* **Data to examine**:
..........
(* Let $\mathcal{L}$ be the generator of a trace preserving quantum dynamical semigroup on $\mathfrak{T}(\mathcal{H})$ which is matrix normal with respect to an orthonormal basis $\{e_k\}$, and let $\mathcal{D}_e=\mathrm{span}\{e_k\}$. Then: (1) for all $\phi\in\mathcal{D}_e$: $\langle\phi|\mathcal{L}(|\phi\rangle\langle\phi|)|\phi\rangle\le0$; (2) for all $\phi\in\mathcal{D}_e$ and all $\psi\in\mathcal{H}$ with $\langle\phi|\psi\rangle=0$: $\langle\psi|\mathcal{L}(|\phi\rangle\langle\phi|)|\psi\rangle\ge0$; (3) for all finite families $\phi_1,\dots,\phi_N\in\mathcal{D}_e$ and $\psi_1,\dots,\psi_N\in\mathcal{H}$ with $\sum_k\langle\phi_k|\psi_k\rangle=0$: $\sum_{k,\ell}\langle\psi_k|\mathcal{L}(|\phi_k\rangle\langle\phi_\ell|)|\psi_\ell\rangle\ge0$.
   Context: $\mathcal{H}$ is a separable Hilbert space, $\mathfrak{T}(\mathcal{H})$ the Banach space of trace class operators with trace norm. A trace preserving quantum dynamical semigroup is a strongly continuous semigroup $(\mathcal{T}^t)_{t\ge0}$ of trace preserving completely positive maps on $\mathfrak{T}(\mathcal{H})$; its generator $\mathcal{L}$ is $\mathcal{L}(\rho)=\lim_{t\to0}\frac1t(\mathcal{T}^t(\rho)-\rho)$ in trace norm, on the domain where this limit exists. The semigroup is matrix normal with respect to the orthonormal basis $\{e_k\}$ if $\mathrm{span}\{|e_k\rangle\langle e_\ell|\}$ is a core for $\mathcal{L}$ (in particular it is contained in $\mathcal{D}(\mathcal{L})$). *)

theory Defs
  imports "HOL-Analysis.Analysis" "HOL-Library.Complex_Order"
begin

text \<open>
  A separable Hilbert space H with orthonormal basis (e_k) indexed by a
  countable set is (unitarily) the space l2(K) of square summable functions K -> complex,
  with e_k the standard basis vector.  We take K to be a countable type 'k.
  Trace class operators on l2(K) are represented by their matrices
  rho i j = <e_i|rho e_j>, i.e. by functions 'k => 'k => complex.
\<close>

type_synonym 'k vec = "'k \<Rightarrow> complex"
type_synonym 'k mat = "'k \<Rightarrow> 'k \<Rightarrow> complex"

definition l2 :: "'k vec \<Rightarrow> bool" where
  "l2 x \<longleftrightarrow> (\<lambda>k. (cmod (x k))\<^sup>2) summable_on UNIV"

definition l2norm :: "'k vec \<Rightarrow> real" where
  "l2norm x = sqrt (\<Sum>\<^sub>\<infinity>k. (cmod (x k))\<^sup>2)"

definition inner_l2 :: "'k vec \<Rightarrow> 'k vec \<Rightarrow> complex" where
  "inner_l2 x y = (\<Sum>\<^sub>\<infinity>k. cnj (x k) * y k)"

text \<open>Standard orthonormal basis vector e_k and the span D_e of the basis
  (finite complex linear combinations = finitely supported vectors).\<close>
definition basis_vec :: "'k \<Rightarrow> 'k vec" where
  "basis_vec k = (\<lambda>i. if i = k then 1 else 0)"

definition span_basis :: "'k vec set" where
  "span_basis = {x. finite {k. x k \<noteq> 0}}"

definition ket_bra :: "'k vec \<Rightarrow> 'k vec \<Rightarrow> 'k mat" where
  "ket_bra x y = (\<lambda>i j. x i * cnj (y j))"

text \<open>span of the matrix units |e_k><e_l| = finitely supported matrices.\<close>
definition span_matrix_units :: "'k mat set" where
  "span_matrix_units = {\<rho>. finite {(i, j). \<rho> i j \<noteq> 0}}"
..........
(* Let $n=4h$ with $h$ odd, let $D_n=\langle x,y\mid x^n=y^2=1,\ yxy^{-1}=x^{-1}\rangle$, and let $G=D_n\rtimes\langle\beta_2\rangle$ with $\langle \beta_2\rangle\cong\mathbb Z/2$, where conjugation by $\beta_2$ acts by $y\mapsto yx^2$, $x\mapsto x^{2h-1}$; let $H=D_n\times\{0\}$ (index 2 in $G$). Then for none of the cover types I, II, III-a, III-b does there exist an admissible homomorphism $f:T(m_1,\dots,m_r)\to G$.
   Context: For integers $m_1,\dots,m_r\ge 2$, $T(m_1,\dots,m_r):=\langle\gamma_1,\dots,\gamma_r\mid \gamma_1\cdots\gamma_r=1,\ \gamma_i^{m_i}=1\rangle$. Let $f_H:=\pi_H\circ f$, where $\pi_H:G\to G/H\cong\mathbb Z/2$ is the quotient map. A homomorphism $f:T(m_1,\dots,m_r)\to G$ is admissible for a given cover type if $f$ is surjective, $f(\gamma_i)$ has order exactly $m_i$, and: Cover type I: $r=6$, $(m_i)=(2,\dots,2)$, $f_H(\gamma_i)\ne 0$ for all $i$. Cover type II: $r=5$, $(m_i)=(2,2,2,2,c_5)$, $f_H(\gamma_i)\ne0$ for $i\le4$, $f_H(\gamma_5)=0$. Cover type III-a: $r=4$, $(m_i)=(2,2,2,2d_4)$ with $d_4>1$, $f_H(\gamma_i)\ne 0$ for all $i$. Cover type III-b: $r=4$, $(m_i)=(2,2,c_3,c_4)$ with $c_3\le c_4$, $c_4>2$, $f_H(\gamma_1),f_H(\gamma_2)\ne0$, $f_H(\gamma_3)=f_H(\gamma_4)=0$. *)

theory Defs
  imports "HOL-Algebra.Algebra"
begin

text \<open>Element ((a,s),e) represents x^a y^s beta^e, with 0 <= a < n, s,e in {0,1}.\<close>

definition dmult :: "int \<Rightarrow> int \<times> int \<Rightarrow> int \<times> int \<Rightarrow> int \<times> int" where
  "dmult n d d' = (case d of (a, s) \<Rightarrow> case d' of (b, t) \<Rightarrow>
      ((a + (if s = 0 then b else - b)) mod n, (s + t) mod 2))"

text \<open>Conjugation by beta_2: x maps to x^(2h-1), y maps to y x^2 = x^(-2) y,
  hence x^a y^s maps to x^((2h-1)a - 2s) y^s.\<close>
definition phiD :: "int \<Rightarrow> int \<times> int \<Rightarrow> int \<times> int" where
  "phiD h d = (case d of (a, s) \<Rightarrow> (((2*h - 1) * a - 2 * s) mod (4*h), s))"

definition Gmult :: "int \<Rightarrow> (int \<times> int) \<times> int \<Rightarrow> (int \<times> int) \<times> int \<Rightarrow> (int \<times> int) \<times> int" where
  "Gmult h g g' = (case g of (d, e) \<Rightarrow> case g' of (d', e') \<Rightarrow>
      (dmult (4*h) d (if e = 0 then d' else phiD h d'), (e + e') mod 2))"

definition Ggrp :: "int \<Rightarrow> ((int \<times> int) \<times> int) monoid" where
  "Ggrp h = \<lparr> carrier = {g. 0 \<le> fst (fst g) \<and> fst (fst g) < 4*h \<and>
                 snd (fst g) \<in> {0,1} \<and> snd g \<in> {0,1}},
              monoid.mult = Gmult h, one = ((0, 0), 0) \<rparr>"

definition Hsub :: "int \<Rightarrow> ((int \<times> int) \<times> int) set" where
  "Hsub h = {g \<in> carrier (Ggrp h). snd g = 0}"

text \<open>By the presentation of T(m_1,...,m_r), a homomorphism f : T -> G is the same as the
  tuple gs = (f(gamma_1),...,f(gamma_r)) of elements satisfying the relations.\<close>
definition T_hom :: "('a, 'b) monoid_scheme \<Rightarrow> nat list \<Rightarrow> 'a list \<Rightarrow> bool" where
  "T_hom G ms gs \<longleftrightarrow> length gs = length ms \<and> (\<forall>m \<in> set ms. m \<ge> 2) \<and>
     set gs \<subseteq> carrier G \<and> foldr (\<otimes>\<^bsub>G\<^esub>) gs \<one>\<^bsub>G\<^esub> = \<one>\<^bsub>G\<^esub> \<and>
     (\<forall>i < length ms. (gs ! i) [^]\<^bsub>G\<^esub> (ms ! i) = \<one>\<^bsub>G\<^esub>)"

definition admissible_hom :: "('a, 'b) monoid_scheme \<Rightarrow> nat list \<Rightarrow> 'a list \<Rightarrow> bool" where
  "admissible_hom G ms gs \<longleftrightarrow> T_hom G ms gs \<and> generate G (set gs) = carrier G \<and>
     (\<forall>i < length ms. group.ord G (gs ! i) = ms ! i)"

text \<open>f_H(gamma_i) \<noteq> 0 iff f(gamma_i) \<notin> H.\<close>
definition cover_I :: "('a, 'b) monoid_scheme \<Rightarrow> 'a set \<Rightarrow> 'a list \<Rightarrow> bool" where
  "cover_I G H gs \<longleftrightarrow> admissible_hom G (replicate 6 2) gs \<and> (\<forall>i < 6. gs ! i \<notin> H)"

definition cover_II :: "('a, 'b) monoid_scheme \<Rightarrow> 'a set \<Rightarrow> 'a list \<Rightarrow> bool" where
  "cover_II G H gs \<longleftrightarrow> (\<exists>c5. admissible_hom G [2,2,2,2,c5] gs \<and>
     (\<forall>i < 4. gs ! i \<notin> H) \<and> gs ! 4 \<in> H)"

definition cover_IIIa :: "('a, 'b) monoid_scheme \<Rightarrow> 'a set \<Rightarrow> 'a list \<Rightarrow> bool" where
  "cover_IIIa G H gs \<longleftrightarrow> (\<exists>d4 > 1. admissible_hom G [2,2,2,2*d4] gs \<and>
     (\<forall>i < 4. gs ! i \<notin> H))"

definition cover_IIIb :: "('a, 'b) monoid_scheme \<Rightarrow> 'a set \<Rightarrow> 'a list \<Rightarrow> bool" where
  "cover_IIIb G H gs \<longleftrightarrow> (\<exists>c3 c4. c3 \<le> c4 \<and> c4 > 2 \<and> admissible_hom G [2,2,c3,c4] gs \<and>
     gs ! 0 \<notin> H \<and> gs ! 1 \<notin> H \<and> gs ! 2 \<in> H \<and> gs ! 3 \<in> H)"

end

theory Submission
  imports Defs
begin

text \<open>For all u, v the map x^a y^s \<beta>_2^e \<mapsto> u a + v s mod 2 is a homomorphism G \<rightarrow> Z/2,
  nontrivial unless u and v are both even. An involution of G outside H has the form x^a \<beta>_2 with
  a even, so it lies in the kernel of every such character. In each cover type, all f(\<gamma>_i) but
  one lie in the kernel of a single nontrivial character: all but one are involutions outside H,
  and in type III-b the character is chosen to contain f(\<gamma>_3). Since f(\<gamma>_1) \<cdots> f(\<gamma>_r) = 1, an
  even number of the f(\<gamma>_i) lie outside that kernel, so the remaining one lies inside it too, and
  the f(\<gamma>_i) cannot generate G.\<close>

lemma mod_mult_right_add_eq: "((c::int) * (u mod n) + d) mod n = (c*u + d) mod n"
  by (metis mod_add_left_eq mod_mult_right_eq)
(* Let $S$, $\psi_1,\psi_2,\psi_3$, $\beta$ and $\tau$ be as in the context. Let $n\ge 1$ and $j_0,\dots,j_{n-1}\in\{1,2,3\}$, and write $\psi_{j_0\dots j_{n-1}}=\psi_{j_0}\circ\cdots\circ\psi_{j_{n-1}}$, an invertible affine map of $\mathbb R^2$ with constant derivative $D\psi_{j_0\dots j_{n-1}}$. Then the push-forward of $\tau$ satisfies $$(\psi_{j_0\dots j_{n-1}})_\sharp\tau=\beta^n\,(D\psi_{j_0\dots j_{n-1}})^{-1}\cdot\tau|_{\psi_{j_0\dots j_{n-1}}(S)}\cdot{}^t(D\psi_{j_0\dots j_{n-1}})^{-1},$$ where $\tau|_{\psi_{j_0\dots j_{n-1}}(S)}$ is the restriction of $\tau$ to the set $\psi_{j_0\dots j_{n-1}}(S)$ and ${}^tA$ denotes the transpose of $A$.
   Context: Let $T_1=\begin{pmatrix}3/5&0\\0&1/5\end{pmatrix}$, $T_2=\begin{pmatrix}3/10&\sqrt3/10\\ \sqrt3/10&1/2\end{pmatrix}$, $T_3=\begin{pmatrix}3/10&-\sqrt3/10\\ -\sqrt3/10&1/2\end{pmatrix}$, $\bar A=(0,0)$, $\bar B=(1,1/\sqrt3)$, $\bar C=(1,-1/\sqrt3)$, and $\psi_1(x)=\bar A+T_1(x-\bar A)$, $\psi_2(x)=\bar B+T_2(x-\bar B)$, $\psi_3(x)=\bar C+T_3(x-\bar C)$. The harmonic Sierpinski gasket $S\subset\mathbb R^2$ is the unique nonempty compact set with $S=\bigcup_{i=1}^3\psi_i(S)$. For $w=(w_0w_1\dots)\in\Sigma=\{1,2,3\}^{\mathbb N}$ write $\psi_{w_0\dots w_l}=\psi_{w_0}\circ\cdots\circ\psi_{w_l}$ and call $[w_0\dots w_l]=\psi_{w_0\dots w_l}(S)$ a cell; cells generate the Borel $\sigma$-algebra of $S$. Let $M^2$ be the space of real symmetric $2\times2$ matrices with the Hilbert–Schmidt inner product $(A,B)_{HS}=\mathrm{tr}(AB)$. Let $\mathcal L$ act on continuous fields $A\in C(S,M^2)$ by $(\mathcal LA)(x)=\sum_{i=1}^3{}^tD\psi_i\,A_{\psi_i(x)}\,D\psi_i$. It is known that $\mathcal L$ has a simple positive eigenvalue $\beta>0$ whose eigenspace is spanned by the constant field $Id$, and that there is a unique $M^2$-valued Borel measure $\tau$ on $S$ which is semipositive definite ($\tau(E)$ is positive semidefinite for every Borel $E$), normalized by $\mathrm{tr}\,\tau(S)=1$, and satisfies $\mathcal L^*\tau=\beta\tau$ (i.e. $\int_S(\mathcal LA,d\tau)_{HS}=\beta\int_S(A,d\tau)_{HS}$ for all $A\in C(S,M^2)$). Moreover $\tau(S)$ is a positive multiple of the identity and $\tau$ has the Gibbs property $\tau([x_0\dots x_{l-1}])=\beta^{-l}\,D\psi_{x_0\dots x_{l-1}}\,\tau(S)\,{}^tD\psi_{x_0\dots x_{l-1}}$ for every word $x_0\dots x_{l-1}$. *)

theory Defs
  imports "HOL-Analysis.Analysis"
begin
..........
* **Exercise aim**: If a line in the records holds the string "phiD", copy it.

* **Solution to this task**:
definition phiD :: "int \<Rightarrow> int \<times> int \<Rightarrow> int \<times> int" where
  "phiD h d = (case d of (a, s) \<Rightarrow> (((2*h - 1) * a - 2 * s) mod (4*h), s))"
      (dmult (4*h) d (if e = 0 then d' else phiD h d'), (e + e') mod 2))"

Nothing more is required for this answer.